Lowest Common Ancestor of a Binary Search Tree

Link: LeetCode Problem

Problem Statement

Given a binary search tree (BST), find the lowest common ancestor (LCA) of two given nodes p and q in the BST.

According to the definition of LCA on Wikipedia:

“The lowest common ancestor is defined between two nodes p and q as the lowest node in T that has both p and q as descendants (where we allow a node to be a descendant of itself).”

Examples

Example 1:

Input: root = [6,2,8,0,4,7,9,null,null,3,5], p = 2, q = 8  
Output: 6  
Explanation: The LCA of nodes 2 and 8 is 6.

Example 2:

Input: root = [6,2,8,0,4,7,9,null,null,3,5], p = 2, q = 4  
Output: 2  
Explanation: The LCA of nodes 2 and 4 is 2, since a node can be a descendant of itself.

Constraints

• The number of nodes in the tree is in the range [2, 10^5].

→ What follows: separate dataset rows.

(* Let $C$ be a cancellative monoid and suppose that $IH^0(C)$ is $0$-bisimple. Then $IH^0(C)$ is $F^*$-inverse if and only if the partially ordered set $P_r(C)$ of principal right ideals of $C$ (ordered by inclusion) is a join semilattice.
   Context: For a right cancellative monoid $C$ and $a\in C$, $\rho_a:C\to C$, $x\mapsto xa$, is regarded as a partial bijection of $C$; the inverse hull $IH(C)$ is the inverse submonoid of the symmetric inverse monoid on $C$ generated by all $\rho_a$, and $IH^0(C)=IH(C)\cup\{\emptyset\}$ with the empty map as zero. An inverse monoid with zero is $0$-bisimple if all its nonzero elements are $\mathscr{D}$-related. The natural partial order on an inverse monoid is $a\le b$ iff $a=eb$ for some idempotent $e$; an inverse monoid is $F^*$-inverse if every nonzero element lies beneath a unique maximal element in this order. A join semilattice is a poset in which any two elements have a least upper bound. *)

theory Defs
  imports Main
begin

(* Partial bijections of a type 'a are represented by their graphs, i.e. relations
   ('a \<times> 'a) set.  Composition follows the right-action convention used for
   \<rho>_a : x \<mapsto> x a:  f \<cdot> g = "first f, then g" = f O g, so \<rho>_a \<cdot> \<rho>_b = \<rho>_(ab). *)

definition rho :: "'a::monoid_mult \<Rightarrow> ('a \<times> 'a) set" where
  "rho a = {(x, x * a) | x. True}"

inductive_set IH :: "('a::monoid_mult \<times> 'a) set set" where
  gen: "rho a \<in> IH"
| one: "Id \<in> IH"
| inv: "f \<in> IH \<Longrightarrow> f\<inverse> \<in> IH"
| comp: "f \<in> IH \<Longrightarrow> g \<in> IH \<Longrightarrow> f O g \<in> IH"

definition IH0 :: "('a::monoid_mult \<times> 'a) set set" where
  "IH0 = insert {} IH"

definition idem_in :: "('b \<times> 'b) set set \<Rightarrow> ('b \<times> 'b) set \<Rightarrow> bool" where
  "idem_in S e \<longleftrightarrow> e \<in> S \<and> e O e = e"

definition nat_le :: "('b \<times> 'b) set set \<Rightarrow> ('b \<times> 'b) set \<Rightarrow> ('b \<times> 'b) set \<Rightarrow> bool" where
  "nat_le S a b \<longleftrightarrow> (\<exists>e. idem_in S e \<and> a = e O b)"

(* Green's relations; S is a monoid (contains Id), so S^1 = S *)
definition green_L :: "('b \<times> 'b) set set \<Rightarrow> ('b \<times> 'b) set \<Rightarrow> ('b \<times> 'b) set \<Rightarrow> bool" where
  "green_L S a b \<longleftrightarrow> {s O a | s. s \<in> S} = {s O b | s. s \<in> S}"

definition green_R :: "('b \<times> 'b) set set \<Rightarrow> ('b \<times> 'b) set \<Rightarrow> ('b \<times> 'b) set \<Rightarrow> bool" where
  "green_R S a b \<longleftrightarrow> {a O s | s. s \<in> S} = {b O s | s. s \<in> S}"

definition green_D :: "('b \<times> 'b) set set \<Rightarrow> ('b \<times> 'b) set \<Rightarrow> ('b \<times> 'b) set \<Rightarrow> bool" where
  "green_D S a b \<longleftrightarrow> (\<exists>c\<in>S. green_L S a c \<and> green_R S c b)"

definition zero_bisimple :: "('b \<times> 'b) set set \<Rightarrow> bool" where
  "zero_bisimple S \<longleftrightarrow> (\<forall>a\<in>S. \<forall>b\<in>S. a \<noteq> {} \<longrightarrow> b \<noteq> {} \<longrightarrow> green_D S a b)"

definition maximal_in :: "('b \<times> 'b) set set \<Rightarrow> ('b \<times> 'b) set \<Rightarrow> bool" where
  "maximal_in S m \<longleftrightarrow> m \<in> S \<and> (\<forall>x\<in>S. nat_le S m x \<longrightarrow> x = m)"

definition F_star_inverse :: "('b \<times> 'b) set set \<Rightarrow> bool" where
  "F_star_inverse S \<longleftrightarrow>
     (\<forall>a\<in>S. a \<noteq> {} \<longrightarrow> (\<exists>!m. maximal_in S m \<and> nat_le S a m))"

definition principal_right_ideals :: "'a::monoid_mult set set" where
  "principal_right_ideals = {{a * x | x. True} | a. True}"

definition join_semilattice_incl :: "'b set set \<Rightarrow> bool" where
  "join_semilattice_incl P \<longleftrightarrow>
     (\<forall>I\<in>P. \<forall>J\<in>P. \<exists>K\<in>P. I \<subseteq> K \<and> J \<subseteq> K \<and> (\<forall>L\<in>P. I \<subseteq> L \<and> J \<subseteq> L \<longrightarrow> K \<subseteq> L))"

• -10^9 <= Node.val <= 10^9

• All Node.val are unique.

• p != q

• p and q will exist in the BST.

Intuition

BSTs are ordered:

• All nodes in the left subtree are < root.val

• All nodes in the right subtree are > root.val

So:

• If both p.val and q.val are less than root.val, LCA must be in left subtree

• If both p.val and q.val are greater than root.val, LCA must be in right subtree

• If one is on the left and one is on the right (or equal to root), then root is the LCA

Approach: Recursive BST Property

Java Code (Recursive)

class Solution {
    public TreeNode lowestCommonAncestor(TreeNode root, TreeNode p, TreeNode q) {
        if (root == null) return null;

        if (p.val < root.val && q.val < root.val) {
            return lowestCommonAncestor(root.left, p, q);
        } else if (p.val > root.val && q.val > root.val) {
            return lowestCommonAncestor(root.right, p, q);
        } else {
            return root;
        }
    }
}

Java Code (Iterative)

class Solution {
    public TreeNode lowestCommonAncestor(TreeNode root, TreeNode p, TreeNode q) {
        while (root != null) {
            if (p.val < root.val && q.val < root.val) {
                root = root.left;
            } else if (p.val > root.val && q.val > root.val) {
                root = root.right;
            } else {
                return root;
            }
        }
        return null;
    }
}

Time & Space Complexity

• Time Complexity: O(H)

  • H = height of the BST → O(log N) for balanced BST, O(N) for skewed.

• Space Complexity:

  • Recursive: O(H) (call stack)

  • Iterative: O(1)

Dry Run

Tree:         6
            /   \
           2     8
          / \   / \
         0   4 7   9
            / \
           3   5

p = 2, q = 8

Since 2 < 6 < 8 → LCA is 6

Conclusion

This problem is a classic example of leveraging the BST invariant to guide recursive/iterative search efficiently, making it faster than generic LCA solutions on normal binary trees.